= Supplied material =
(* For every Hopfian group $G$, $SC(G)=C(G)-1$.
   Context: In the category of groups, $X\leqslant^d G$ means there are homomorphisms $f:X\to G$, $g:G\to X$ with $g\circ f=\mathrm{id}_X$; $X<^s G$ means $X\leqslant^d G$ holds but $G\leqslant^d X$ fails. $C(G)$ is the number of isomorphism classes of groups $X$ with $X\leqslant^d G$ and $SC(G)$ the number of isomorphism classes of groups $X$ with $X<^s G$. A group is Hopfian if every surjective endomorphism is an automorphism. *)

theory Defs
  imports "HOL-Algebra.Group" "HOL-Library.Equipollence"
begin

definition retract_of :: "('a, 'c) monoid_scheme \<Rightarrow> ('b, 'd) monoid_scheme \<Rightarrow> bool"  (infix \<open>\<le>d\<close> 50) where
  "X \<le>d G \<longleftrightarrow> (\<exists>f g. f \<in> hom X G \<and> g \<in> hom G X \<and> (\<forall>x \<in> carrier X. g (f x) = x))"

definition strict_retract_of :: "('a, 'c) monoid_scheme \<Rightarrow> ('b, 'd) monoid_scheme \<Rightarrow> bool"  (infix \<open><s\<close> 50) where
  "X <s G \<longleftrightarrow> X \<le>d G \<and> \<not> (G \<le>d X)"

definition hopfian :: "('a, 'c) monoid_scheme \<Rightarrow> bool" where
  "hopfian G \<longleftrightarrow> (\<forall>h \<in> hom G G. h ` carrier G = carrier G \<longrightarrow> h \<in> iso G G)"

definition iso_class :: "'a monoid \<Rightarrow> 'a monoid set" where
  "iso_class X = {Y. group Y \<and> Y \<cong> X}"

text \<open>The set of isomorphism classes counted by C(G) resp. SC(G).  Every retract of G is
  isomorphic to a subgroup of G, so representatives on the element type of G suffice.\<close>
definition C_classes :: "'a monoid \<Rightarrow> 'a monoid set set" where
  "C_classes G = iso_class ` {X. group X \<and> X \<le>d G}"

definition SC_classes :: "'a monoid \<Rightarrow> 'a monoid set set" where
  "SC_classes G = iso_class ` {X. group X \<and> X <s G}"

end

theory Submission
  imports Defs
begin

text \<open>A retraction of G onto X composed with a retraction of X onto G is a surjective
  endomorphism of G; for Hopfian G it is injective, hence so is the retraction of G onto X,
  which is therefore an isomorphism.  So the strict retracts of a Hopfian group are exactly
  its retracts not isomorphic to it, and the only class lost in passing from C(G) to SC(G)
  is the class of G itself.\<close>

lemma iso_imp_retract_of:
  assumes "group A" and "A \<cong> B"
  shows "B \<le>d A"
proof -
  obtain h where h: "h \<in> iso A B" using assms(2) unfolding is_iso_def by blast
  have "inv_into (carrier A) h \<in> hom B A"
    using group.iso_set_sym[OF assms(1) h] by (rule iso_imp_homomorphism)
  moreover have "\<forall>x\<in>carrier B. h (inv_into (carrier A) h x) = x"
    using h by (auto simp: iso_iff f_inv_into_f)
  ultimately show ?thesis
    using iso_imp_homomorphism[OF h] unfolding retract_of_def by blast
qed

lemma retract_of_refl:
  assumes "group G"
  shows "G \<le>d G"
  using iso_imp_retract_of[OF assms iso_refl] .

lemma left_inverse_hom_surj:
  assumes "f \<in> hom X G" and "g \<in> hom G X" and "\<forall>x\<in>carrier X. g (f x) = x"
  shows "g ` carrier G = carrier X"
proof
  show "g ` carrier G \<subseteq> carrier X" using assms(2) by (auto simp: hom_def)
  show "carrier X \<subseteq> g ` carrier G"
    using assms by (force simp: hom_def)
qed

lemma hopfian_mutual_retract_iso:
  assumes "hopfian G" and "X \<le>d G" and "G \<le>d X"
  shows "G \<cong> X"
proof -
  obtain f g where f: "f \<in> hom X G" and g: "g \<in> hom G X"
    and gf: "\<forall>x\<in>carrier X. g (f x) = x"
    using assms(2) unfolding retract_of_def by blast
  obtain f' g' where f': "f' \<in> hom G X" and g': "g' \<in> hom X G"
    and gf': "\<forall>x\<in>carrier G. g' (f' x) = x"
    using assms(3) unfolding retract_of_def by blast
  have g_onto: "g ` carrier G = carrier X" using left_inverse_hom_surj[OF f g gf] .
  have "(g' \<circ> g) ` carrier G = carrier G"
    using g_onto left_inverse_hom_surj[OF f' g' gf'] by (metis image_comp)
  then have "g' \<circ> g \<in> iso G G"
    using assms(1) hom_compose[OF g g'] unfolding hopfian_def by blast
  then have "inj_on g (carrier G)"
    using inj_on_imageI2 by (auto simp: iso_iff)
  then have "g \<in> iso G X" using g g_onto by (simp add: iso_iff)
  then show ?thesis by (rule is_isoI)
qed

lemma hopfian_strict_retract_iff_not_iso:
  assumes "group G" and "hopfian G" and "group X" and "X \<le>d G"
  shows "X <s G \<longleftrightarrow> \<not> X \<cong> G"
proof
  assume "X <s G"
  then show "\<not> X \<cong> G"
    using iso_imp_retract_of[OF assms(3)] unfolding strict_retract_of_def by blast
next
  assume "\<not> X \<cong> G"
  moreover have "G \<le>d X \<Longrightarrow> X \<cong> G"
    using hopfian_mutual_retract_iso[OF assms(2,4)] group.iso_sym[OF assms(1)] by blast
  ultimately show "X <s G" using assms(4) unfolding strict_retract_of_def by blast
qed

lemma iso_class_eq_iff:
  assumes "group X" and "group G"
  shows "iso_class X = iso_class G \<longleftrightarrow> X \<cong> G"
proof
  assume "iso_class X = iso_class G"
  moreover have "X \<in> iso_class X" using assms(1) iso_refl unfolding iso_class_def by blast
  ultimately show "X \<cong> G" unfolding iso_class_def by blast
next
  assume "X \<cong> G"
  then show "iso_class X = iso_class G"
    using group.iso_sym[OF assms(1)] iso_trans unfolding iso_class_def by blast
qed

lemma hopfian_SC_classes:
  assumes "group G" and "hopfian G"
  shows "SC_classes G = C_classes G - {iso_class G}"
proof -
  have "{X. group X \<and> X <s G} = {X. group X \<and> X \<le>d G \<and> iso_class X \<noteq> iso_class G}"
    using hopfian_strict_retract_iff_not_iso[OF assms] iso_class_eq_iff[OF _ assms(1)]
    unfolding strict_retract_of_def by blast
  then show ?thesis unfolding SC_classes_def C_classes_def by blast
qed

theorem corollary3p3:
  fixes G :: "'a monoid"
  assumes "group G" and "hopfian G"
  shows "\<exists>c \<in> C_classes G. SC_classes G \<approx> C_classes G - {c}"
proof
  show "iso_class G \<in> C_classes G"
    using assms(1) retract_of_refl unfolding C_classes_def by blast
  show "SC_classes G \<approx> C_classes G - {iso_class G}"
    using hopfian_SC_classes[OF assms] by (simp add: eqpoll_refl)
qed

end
---
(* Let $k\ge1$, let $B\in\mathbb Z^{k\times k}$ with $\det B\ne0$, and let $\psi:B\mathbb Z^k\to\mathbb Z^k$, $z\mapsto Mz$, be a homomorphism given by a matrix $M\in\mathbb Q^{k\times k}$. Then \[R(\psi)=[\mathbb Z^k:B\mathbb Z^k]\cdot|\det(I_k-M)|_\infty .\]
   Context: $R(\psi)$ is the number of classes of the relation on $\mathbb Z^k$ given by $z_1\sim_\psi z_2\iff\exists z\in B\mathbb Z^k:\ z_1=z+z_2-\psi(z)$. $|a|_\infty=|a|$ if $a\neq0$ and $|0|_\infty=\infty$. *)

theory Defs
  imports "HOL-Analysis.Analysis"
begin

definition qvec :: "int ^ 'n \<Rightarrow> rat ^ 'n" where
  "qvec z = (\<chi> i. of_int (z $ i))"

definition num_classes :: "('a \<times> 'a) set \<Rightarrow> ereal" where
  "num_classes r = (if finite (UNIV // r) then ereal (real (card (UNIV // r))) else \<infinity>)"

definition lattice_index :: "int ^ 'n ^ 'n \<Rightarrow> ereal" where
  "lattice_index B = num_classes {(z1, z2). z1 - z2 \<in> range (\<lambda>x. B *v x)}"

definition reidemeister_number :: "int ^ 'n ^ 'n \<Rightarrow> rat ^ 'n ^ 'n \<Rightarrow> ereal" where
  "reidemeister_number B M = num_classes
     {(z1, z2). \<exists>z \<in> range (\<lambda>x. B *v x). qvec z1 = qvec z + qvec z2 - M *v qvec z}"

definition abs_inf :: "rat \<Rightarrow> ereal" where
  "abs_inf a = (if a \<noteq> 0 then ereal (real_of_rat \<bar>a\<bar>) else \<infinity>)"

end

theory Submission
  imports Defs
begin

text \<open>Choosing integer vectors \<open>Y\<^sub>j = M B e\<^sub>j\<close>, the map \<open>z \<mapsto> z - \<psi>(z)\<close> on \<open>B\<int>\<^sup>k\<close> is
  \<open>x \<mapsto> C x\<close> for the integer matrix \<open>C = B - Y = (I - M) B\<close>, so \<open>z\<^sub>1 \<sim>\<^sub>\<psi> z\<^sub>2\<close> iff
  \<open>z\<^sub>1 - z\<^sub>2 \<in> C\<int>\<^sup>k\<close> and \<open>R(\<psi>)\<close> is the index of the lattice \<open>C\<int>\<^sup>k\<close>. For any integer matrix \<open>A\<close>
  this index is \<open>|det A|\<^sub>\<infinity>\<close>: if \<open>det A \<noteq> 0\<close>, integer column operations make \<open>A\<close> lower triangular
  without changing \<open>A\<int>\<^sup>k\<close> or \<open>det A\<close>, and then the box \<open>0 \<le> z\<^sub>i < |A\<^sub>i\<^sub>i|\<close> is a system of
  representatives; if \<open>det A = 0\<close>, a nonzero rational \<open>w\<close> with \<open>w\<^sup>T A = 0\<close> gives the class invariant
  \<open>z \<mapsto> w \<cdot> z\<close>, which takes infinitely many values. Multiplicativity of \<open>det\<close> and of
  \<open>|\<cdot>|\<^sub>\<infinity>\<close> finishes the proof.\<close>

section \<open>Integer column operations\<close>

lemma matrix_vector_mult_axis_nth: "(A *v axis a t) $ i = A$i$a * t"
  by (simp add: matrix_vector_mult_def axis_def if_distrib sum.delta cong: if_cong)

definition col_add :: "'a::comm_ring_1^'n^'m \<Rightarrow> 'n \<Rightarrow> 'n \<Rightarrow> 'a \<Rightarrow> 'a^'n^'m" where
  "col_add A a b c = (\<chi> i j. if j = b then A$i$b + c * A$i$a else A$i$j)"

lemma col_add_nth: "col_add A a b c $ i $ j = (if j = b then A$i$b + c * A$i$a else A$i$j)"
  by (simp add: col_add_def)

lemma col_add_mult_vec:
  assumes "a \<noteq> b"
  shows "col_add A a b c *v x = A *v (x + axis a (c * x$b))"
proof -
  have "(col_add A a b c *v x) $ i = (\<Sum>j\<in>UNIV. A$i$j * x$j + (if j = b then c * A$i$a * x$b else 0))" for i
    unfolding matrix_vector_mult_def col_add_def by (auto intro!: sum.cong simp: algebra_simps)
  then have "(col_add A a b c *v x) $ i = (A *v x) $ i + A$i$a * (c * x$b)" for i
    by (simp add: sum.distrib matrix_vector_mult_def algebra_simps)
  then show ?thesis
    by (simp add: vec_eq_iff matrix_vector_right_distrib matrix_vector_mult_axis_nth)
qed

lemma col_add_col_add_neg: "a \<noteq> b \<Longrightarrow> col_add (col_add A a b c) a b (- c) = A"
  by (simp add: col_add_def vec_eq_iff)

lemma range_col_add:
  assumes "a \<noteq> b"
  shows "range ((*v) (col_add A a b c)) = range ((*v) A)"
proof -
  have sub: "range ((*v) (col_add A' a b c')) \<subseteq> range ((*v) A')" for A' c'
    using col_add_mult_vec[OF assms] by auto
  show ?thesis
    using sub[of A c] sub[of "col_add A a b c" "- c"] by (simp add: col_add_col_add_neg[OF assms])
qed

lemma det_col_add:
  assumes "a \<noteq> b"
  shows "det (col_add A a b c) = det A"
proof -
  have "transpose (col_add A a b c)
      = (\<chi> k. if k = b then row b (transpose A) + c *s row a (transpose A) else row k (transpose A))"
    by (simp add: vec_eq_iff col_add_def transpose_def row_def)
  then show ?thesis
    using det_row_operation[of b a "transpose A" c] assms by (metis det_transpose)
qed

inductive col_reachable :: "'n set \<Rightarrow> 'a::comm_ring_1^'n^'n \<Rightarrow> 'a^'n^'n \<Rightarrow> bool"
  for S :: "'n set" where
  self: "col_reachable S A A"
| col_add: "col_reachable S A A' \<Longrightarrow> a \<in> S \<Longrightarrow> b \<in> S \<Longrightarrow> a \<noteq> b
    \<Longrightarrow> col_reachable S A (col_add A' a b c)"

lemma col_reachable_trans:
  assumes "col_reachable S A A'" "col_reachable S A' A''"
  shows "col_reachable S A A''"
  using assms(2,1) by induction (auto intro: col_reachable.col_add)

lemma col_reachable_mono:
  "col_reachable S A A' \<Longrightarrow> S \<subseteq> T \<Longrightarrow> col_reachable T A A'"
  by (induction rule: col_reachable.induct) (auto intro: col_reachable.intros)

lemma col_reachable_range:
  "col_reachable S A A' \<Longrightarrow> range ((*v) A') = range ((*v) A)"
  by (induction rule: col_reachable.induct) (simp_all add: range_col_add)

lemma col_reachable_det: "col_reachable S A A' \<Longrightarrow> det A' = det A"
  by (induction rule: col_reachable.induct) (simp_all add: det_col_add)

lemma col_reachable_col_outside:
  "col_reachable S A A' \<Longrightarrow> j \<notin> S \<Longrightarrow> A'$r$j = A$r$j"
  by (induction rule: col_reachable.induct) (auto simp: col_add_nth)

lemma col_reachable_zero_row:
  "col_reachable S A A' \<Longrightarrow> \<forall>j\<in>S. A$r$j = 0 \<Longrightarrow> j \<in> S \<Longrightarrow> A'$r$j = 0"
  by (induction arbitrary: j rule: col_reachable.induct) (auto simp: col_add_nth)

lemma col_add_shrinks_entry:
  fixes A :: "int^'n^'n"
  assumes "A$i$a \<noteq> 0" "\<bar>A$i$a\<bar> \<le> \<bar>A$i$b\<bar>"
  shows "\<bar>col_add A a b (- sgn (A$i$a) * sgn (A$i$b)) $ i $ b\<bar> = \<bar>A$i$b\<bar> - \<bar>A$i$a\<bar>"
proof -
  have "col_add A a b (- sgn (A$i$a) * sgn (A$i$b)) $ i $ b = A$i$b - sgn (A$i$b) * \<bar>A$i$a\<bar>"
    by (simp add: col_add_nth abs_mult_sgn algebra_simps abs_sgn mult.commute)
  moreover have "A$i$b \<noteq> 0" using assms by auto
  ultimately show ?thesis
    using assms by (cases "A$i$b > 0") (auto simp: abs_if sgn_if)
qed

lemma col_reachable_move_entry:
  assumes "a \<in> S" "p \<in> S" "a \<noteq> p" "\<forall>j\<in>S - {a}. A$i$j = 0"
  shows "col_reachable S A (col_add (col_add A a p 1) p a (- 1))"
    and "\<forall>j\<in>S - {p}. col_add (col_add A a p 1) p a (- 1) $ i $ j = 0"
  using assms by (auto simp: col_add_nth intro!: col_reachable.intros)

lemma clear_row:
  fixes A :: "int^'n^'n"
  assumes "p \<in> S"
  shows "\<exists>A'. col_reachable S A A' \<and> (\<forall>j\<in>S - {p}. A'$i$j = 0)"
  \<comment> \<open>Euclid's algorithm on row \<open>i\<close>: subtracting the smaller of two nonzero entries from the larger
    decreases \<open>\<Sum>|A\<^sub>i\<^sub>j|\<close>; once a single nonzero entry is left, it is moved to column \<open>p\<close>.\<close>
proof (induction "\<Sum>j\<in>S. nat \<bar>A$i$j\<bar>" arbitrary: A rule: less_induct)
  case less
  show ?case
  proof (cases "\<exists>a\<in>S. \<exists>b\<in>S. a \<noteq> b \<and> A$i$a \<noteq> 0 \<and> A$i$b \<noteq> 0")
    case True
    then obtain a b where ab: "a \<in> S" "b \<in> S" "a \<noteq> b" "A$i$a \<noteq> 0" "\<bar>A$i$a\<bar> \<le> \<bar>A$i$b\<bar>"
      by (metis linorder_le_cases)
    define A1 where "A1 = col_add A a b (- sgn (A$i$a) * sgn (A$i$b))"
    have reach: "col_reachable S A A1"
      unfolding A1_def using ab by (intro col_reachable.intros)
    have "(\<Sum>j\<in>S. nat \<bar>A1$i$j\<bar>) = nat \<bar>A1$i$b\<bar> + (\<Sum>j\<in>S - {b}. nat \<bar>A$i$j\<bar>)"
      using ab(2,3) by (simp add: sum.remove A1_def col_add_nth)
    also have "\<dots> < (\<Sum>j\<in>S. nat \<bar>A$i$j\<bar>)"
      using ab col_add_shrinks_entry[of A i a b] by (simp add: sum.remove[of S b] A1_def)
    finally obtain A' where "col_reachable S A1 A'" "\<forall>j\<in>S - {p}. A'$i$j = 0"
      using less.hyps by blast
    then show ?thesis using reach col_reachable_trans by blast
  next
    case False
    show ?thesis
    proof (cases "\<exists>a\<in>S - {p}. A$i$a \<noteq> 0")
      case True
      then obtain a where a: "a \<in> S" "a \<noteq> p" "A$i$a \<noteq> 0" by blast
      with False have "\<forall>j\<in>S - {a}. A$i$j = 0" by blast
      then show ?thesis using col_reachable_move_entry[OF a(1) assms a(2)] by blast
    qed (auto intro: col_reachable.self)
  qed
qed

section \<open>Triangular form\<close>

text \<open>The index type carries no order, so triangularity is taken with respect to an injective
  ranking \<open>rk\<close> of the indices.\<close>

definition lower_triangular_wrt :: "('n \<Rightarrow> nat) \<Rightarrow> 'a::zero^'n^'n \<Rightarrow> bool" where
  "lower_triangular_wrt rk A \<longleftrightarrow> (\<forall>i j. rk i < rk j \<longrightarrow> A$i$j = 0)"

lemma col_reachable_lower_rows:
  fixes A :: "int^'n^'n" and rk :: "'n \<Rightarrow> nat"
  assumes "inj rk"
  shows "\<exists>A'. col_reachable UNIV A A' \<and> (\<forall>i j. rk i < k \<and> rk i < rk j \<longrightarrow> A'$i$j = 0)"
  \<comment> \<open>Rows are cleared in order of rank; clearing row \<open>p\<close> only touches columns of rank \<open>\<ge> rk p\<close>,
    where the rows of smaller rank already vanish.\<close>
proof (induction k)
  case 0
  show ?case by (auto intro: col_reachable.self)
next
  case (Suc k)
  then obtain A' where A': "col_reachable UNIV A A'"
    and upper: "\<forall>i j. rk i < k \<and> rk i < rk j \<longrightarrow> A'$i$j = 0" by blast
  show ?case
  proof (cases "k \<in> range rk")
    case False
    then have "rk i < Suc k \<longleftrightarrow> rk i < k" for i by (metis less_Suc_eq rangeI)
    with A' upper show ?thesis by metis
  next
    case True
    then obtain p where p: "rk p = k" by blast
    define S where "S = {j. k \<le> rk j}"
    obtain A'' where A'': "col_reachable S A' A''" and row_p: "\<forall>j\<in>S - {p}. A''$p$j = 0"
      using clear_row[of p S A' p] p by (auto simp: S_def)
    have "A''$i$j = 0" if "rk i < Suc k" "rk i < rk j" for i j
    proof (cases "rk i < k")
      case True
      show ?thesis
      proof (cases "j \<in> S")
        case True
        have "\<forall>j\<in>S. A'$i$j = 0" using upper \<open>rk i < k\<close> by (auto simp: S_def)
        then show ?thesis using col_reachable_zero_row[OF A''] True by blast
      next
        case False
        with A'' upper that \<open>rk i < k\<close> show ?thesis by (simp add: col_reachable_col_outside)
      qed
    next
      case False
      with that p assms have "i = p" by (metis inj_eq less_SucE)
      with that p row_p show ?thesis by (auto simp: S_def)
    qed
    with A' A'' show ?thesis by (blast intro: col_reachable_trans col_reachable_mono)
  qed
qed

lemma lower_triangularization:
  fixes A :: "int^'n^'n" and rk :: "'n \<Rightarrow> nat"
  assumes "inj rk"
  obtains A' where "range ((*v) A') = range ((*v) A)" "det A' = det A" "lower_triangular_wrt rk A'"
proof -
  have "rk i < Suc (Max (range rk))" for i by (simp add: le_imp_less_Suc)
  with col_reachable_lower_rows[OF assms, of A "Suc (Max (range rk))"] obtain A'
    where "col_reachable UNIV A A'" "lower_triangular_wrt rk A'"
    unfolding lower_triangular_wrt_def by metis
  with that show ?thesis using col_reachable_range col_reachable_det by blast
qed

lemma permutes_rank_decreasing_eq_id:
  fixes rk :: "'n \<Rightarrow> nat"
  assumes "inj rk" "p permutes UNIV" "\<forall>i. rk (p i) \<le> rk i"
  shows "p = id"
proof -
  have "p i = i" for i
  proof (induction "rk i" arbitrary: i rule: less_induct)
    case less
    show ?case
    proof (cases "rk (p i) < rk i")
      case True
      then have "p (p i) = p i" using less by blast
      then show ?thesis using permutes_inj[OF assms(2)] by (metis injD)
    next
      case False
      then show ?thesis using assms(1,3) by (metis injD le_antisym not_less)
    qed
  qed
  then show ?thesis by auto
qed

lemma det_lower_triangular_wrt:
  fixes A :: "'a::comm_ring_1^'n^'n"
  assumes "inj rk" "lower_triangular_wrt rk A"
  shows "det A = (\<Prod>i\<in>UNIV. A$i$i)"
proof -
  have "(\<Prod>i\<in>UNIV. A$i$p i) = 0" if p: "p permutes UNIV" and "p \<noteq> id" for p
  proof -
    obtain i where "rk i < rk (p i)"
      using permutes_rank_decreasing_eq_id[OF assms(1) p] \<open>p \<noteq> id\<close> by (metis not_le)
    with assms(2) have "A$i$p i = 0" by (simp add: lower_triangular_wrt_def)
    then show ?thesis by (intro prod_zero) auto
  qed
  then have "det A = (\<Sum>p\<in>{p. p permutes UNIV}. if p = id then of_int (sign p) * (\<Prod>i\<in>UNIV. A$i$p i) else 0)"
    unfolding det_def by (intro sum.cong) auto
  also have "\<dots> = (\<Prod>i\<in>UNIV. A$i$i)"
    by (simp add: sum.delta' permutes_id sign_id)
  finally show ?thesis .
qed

= Task requirements =
Among the records above, only the lines between the line holding "(\<chi> i. of_int" and the line holding "so \<open>z\<^sub>1 \<sim>\<^sub>\<psi> z\<^sub>2\<close> iff", inclusive, are to be output, exactly as written.

= Reply =
  "qvec z = (\<chi> i. of_int (z $ i))"

definition num_classes :: "('a \<times> 'a) set \<Rightarrow> ereal" where
  "num_classes r = (if finite (UNIV // r) then ereal (real (card (UNIV // r))) else \<infinity>)"

definition lattice_index :: "int ^ 'n ^ 'n \<Rightarrow> ereal" where
  "lattice_index B = num_classes {(z1, z2). z1 - z2 \<in> range (\<lambda>x. B *v x)}"

definition reidemeister_number :: "int ^ 'n ^ 'n \<Rightarrow> rat ^ 'n ^ 'n \<Rightarrow> ereal" where
  "reidemeister_number B M = num_classes
     {(z1, z2). \<exists>z \<in> range (\<lambda>x. B *v x). qvec z1 = qvec z + qvec z2 - M *v qvec z}"

definition abs_inf :: "rat \<Rightarrow> ereal" where
  "abs_inf a = (if a \<noteq> 0 then ereal (real_of_rat \<bar>a\<bar>) else \<infinity>)"

end

theory Submission
  imports Defs
begin

text \<open>Choosing integer vectors \<open>Y\<^sub>j = M B e\<^sub>j\<close>, the map \<open>z \<mapsto> z - \<psi>(z)\<close> on \<open>B\<int>\<^sup>k\<close> is
  \<open>x \<mapsto> C x\<close> for the integer matrix \<open>C = B - Y = (I - M) B\<close>, so \<open>z\<^sub>1 \<sim>\<^sub>\<psi> z\<^sub>2\<close> iff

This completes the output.